- INSTRUCTIONS FOR THE TASK
Your answer should be a single number: how many lines in the data below hold the string "symmetric".

====== RECORDS FOR PROCESSING ======

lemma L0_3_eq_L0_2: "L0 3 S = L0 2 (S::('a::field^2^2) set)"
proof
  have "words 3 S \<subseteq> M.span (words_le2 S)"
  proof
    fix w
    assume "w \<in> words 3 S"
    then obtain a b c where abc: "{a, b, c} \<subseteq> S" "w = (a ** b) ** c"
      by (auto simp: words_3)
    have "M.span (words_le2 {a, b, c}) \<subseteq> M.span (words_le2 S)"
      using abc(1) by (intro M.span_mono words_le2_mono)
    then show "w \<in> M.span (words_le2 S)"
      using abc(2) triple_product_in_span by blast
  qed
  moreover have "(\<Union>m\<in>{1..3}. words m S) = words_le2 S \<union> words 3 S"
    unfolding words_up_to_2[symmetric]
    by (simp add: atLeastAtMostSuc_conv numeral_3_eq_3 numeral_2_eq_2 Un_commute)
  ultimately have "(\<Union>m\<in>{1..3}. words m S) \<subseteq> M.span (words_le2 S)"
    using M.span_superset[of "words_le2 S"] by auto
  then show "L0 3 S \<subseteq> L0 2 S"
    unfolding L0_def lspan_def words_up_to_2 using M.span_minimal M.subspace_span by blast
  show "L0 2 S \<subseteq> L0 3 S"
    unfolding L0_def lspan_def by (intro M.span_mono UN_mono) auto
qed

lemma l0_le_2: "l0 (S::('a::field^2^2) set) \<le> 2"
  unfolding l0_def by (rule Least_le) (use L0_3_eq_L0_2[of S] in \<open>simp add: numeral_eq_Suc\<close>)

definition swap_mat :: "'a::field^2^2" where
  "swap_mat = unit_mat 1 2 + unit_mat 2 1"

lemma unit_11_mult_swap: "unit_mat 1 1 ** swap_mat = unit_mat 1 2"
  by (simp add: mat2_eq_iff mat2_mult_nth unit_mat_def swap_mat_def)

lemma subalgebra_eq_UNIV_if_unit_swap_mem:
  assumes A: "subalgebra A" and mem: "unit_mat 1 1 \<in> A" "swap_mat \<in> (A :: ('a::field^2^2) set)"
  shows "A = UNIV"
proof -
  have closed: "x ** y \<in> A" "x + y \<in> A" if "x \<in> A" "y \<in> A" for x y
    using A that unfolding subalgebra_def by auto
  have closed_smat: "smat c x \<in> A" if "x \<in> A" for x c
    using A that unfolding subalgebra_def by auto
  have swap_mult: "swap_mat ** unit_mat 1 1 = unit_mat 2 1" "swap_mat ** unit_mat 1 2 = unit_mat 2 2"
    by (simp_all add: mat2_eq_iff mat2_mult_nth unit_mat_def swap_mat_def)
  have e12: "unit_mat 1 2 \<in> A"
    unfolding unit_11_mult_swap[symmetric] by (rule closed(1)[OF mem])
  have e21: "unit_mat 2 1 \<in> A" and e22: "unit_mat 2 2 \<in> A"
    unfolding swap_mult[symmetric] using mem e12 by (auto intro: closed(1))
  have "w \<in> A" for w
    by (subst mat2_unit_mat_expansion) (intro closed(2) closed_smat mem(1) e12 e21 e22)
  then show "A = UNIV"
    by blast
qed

======

- OUTPUT OF THE EXERCISE
3